Reply with one number: the count of lines in the records below that hold "longleftrightarrow".

Segment Open

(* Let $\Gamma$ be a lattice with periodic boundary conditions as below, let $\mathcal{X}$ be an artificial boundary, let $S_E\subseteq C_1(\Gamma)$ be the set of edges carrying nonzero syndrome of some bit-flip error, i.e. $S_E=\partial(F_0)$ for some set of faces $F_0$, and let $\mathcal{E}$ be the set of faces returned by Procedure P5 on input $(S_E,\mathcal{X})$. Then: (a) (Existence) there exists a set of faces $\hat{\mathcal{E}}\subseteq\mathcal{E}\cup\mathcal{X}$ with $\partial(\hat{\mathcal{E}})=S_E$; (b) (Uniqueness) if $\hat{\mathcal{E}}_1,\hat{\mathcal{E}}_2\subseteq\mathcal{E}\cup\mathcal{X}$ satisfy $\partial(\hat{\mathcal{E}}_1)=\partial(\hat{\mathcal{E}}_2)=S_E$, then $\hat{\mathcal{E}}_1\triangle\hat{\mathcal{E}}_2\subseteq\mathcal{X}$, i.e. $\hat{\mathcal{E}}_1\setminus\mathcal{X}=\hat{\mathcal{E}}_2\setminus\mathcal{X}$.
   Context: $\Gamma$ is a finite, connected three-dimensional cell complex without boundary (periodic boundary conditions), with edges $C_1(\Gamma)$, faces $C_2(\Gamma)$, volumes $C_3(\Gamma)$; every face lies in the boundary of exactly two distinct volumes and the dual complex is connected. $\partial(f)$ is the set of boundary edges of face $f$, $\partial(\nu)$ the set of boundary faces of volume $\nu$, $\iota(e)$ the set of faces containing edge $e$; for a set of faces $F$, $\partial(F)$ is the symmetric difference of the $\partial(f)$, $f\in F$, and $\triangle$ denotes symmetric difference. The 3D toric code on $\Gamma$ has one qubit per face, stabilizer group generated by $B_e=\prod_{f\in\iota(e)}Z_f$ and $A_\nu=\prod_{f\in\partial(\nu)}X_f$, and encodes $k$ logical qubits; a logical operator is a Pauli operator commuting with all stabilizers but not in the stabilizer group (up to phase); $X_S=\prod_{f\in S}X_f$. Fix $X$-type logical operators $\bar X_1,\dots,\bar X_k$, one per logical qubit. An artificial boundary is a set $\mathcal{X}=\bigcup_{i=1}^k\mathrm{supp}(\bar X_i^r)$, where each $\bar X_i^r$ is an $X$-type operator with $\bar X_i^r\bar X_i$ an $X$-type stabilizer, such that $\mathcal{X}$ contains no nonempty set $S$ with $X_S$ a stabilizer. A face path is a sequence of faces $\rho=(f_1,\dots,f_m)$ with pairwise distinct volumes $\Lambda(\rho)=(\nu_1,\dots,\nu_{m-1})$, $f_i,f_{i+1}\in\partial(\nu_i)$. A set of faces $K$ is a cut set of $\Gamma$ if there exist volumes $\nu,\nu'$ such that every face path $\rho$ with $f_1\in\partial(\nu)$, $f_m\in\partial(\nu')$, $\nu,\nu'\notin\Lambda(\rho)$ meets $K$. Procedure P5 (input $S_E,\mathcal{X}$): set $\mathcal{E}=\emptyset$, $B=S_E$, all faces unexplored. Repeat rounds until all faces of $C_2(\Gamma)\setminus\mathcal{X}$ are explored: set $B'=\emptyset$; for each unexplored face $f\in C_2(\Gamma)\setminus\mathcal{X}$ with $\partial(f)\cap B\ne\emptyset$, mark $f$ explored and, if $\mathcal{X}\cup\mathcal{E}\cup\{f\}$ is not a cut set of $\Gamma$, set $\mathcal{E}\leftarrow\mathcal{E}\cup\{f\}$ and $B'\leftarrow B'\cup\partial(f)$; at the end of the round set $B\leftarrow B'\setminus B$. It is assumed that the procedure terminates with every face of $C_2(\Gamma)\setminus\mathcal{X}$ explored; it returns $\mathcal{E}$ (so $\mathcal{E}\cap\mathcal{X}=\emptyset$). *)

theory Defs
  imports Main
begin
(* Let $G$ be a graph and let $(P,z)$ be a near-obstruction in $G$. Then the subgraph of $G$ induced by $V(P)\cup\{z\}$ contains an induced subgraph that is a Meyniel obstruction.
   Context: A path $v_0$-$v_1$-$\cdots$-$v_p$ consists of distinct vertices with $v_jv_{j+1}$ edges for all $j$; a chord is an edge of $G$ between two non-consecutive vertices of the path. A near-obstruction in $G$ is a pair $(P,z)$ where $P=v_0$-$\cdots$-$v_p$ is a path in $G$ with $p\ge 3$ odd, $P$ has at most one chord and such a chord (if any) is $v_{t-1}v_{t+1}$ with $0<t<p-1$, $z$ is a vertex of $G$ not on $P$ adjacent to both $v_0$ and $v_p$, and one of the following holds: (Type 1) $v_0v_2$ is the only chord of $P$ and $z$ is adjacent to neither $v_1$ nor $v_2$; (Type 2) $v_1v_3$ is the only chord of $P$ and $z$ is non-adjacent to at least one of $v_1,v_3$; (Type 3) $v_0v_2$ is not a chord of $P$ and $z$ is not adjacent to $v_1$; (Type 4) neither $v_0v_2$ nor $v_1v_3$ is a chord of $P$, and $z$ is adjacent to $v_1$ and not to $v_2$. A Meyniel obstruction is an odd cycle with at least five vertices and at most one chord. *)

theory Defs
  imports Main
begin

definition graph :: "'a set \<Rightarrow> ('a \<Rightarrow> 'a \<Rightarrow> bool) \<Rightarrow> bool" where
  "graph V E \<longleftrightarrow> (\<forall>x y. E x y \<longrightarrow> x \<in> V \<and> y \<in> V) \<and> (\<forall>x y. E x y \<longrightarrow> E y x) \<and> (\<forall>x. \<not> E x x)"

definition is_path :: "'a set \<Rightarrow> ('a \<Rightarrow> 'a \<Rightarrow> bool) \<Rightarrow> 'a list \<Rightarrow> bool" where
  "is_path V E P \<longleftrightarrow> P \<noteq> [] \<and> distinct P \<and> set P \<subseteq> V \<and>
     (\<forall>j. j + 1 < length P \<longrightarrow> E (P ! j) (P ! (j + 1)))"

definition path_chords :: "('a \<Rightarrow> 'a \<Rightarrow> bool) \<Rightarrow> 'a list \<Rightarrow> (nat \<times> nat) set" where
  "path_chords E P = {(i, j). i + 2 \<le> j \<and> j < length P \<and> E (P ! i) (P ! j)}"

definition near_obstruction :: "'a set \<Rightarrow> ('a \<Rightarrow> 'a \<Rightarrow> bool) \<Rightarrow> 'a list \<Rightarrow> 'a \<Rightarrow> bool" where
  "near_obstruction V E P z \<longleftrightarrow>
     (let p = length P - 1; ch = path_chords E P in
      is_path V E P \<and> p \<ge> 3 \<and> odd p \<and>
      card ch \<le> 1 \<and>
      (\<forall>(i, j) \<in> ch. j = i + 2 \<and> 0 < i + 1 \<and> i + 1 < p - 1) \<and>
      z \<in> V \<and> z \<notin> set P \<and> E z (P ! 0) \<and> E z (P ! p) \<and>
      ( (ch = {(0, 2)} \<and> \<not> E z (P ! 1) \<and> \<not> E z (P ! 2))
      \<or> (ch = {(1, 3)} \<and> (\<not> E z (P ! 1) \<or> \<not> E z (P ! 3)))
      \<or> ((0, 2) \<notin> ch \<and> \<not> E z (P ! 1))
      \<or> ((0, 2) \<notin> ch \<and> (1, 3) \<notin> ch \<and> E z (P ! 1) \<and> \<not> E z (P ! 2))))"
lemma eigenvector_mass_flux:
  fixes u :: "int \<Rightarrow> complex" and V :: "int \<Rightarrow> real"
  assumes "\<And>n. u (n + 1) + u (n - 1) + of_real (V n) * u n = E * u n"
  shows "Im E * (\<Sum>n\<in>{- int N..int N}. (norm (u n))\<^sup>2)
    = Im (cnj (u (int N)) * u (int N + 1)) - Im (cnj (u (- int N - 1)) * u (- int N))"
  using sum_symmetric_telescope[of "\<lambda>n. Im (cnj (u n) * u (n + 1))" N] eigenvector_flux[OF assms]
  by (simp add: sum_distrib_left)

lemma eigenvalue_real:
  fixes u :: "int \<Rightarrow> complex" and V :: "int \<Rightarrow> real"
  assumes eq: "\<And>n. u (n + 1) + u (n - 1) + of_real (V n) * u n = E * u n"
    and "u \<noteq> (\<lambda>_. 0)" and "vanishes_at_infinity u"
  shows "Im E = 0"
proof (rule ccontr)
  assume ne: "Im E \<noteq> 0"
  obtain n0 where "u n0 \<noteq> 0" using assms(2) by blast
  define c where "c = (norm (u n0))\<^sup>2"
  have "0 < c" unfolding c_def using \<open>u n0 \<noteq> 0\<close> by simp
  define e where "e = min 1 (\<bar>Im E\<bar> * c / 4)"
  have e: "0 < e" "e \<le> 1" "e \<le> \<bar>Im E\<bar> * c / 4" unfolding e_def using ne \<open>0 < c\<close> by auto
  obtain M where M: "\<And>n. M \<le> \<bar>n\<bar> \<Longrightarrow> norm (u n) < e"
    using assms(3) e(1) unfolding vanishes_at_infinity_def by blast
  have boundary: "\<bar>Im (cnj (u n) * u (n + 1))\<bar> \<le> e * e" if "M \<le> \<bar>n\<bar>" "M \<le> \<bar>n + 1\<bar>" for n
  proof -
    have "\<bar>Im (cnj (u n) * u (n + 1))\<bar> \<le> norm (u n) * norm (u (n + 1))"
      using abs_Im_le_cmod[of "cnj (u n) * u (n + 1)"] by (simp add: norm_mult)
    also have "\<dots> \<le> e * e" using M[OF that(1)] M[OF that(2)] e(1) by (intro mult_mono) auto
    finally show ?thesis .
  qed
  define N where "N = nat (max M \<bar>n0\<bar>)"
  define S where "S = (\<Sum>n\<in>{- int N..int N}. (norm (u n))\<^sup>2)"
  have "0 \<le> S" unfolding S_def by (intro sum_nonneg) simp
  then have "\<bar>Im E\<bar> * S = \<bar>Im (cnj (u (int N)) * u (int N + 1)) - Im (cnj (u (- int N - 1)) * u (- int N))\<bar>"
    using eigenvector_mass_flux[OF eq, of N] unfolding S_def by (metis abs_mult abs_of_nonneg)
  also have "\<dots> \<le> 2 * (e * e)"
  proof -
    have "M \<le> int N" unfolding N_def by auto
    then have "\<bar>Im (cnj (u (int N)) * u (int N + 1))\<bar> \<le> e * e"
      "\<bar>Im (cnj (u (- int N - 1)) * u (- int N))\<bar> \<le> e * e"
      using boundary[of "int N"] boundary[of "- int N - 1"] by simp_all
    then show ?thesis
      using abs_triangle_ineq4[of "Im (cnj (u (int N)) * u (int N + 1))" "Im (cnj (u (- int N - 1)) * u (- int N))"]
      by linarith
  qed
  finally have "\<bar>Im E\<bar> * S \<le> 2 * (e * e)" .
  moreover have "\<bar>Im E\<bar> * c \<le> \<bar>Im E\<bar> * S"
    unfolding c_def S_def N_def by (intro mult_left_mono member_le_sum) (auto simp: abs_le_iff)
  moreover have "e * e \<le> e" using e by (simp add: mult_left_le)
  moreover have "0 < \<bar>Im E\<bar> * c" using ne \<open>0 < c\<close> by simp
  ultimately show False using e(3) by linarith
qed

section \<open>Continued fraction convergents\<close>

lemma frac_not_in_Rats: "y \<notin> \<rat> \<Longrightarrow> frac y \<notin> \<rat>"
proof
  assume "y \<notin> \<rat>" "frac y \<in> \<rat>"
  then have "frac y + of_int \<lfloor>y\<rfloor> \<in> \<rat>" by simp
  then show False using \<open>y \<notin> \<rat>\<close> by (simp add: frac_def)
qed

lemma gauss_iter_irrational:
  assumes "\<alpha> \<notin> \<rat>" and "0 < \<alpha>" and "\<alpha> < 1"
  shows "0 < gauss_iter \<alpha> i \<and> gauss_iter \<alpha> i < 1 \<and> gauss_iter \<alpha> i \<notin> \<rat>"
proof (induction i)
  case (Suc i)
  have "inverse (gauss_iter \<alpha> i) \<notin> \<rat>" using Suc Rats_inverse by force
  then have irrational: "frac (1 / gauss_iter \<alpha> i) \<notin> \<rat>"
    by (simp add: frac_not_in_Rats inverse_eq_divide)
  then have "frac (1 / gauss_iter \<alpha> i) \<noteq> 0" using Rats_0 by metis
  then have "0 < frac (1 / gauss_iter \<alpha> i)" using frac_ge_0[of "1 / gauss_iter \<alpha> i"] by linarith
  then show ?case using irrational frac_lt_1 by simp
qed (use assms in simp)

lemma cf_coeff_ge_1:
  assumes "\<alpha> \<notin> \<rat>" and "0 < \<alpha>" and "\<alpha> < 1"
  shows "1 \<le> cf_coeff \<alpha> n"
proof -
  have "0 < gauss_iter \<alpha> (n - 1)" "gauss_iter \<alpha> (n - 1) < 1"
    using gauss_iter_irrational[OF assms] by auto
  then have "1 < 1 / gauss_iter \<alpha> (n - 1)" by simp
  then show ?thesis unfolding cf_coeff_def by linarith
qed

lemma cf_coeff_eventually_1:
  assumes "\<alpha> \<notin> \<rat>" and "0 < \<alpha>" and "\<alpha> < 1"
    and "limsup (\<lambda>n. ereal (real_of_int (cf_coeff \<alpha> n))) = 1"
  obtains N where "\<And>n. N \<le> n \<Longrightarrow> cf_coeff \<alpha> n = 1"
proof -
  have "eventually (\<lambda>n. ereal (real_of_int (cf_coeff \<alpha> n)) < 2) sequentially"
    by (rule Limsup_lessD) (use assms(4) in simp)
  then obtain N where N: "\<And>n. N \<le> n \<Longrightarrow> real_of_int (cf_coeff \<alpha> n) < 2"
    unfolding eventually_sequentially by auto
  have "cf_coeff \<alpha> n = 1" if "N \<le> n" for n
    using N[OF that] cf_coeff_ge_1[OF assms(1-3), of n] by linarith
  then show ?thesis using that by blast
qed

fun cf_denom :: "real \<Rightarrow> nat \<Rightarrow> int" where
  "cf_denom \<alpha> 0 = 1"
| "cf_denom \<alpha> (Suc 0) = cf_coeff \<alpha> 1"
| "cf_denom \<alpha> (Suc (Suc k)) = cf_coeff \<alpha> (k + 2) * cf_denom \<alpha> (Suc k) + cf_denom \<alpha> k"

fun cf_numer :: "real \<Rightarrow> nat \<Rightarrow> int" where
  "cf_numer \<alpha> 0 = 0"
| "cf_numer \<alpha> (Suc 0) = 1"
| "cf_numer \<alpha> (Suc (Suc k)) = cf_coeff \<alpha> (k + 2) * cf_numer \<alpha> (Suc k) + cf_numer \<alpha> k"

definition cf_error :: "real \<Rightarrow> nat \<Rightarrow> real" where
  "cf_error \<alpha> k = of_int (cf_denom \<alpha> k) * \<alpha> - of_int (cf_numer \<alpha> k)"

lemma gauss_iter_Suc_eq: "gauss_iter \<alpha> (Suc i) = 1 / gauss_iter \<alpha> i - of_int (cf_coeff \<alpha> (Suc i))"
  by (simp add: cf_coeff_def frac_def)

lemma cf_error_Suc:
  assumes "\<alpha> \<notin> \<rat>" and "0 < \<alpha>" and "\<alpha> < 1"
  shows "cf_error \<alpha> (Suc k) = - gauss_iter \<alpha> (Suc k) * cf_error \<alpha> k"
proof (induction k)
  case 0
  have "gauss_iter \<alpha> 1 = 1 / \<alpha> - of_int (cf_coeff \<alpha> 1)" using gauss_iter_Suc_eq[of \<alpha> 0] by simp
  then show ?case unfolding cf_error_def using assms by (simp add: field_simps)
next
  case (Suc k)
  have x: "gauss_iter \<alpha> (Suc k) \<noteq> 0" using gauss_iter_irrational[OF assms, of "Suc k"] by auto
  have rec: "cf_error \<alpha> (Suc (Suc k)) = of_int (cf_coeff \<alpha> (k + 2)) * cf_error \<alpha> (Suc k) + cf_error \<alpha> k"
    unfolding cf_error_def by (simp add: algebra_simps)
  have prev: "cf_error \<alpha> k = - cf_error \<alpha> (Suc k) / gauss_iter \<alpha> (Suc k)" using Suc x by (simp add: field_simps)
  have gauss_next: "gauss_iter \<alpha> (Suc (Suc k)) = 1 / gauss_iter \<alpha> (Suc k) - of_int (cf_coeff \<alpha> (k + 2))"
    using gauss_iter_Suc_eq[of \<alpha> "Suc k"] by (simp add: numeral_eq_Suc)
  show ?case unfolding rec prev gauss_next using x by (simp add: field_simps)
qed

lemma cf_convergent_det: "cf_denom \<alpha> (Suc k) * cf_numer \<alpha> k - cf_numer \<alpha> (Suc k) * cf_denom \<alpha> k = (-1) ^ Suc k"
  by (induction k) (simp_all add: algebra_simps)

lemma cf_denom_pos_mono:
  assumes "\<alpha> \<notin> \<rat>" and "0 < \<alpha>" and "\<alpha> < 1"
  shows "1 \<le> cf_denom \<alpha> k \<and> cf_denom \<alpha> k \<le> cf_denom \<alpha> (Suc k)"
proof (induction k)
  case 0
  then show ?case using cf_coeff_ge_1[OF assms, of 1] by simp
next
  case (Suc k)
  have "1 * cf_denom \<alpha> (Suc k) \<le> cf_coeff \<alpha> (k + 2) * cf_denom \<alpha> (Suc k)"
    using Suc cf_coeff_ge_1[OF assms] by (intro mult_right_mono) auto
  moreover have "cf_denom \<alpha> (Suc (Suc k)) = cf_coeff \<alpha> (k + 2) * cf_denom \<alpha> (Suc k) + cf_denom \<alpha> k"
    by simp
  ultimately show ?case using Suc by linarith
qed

Segment Closed
Segment Open

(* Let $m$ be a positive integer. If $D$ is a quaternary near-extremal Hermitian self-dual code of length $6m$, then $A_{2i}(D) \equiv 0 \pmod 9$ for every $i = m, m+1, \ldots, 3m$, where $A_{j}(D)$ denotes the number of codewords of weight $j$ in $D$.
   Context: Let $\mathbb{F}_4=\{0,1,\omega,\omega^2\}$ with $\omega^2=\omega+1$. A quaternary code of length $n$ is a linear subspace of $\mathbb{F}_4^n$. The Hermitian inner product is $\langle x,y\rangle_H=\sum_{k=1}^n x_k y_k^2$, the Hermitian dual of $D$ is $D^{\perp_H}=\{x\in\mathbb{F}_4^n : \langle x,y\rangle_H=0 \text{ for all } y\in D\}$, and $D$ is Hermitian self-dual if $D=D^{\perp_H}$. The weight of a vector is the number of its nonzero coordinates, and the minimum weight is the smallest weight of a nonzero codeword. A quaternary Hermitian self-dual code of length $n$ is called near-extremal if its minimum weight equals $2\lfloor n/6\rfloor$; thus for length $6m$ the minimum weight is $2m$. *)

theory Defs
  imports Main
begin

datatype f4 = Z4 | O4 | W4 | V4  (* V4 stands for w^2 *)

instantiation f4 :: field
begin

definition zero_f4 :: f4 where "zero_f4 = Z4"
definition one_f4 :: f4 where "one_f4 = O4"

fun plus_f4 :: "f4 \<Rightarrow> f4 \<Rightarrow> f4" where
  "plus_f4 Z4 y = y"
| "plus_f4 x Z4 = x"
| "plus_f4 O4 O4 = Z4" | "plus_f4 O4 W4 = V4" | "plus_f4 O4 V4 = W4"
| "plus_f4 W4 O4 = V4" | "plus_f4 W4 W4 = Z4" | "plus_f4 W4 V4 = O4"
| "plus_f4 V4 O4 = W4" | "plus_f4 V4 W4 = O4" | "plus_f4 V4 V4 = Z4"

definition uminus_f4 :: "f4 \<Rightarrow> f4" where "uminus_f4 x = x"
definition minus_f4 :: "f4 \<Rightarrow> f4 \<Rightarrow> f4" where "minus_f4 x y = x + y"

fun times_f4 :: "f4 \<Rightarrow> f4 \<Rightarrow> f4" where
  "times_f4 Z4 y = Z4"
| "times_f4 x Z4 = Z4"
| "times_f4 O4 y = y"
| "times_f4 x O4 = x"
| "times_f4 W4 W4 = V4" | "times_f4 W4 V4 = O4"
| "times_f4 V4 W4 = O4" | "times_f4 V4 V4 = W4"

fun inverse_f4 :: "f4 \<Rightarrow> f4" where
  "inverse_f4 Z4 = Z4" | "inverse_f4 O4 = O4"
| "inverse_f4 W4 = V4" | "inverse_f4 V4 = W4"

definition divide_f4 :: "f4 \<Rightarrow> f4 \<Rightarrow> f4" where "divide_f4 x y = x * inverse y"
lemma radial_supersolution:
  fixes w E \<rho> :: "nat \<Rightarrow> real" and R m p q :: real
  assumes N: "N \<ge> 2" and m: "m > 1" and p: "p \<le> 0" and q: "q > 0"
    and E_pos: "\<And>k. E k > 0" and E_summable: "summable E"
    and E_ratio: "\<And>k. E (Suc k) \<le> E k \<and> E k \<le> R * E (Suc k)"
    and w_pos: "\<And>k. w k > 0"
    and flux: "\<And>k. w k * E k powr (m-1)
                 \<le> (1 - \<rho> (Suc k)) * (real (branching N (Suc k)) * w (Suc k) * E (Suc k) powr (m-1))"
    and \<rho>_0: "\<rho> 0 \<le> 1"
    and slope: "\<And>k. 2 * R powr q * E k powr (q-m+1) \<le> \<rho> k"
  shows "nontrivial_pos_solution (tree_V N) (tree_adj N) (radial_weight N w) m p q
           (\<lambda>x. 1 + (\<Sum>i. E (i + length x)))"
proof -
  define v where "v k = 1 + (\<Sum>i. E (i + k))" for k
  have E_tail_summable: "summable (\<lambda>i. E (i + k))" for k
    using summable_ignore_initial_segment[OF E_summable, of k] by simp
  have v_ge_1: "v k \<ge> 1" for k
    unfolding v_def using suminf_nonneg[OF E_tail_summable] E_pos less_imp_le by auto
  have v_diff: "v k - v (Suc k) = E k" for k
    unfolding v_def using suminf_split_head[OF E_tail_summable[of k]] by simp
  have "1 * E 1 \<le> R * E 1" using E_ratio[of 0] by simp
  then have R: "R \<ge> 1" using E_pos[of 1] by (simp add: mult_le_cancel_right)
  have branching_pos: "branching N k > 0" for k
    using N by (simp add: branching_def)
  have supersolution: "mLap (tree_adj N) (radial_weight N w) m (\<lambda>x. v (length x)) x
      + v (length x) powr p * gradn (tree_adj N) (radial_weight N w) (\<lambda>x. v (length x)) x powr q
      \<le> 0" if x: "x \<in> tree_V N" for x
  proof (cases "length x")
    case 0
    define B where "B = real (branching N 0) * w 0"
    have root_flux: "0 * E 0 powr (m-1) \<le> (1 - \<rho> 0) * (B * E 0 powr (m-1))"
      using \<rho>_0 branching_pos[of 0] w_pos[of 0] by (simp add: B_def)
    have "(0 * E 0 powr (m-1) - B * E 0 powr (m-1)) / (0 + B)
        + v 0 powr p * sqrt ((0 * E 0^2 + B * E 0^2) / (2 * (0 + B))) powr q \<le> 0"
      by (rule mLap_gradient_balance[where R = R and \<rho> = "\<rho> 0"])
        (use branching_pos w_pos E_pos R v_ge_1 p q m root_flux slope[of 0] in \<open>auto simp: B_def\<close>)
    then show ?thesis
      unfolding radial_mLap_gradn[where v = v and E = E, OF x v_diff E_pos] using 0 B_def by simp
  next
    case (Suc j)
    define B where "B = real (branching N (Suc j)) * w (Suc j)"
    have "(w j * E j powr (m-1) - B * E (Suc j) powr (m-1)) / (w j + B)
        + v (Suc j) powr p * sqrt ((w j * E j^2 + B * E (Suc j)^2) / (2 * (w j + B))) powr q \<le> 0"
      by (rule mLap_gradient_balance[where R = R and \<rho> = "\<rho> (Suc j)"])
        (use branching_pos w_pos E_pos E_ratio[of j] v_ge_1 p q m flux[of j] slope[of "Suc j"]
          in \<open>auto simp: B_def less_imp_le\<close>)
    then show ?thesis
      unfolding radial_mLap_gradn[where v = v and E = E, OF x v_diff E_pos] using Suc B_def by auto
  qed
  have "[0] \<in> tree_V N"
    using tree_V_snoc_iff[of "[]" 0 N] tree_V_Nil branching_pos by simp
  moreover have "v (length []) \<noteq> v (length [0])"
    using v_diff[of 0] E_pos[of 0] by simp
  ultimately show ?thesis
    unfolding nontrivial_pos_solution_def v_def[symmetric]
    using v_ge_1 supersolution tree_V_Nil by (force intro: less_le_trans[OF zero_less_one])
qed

Segment Closed

Output of the exercise: 3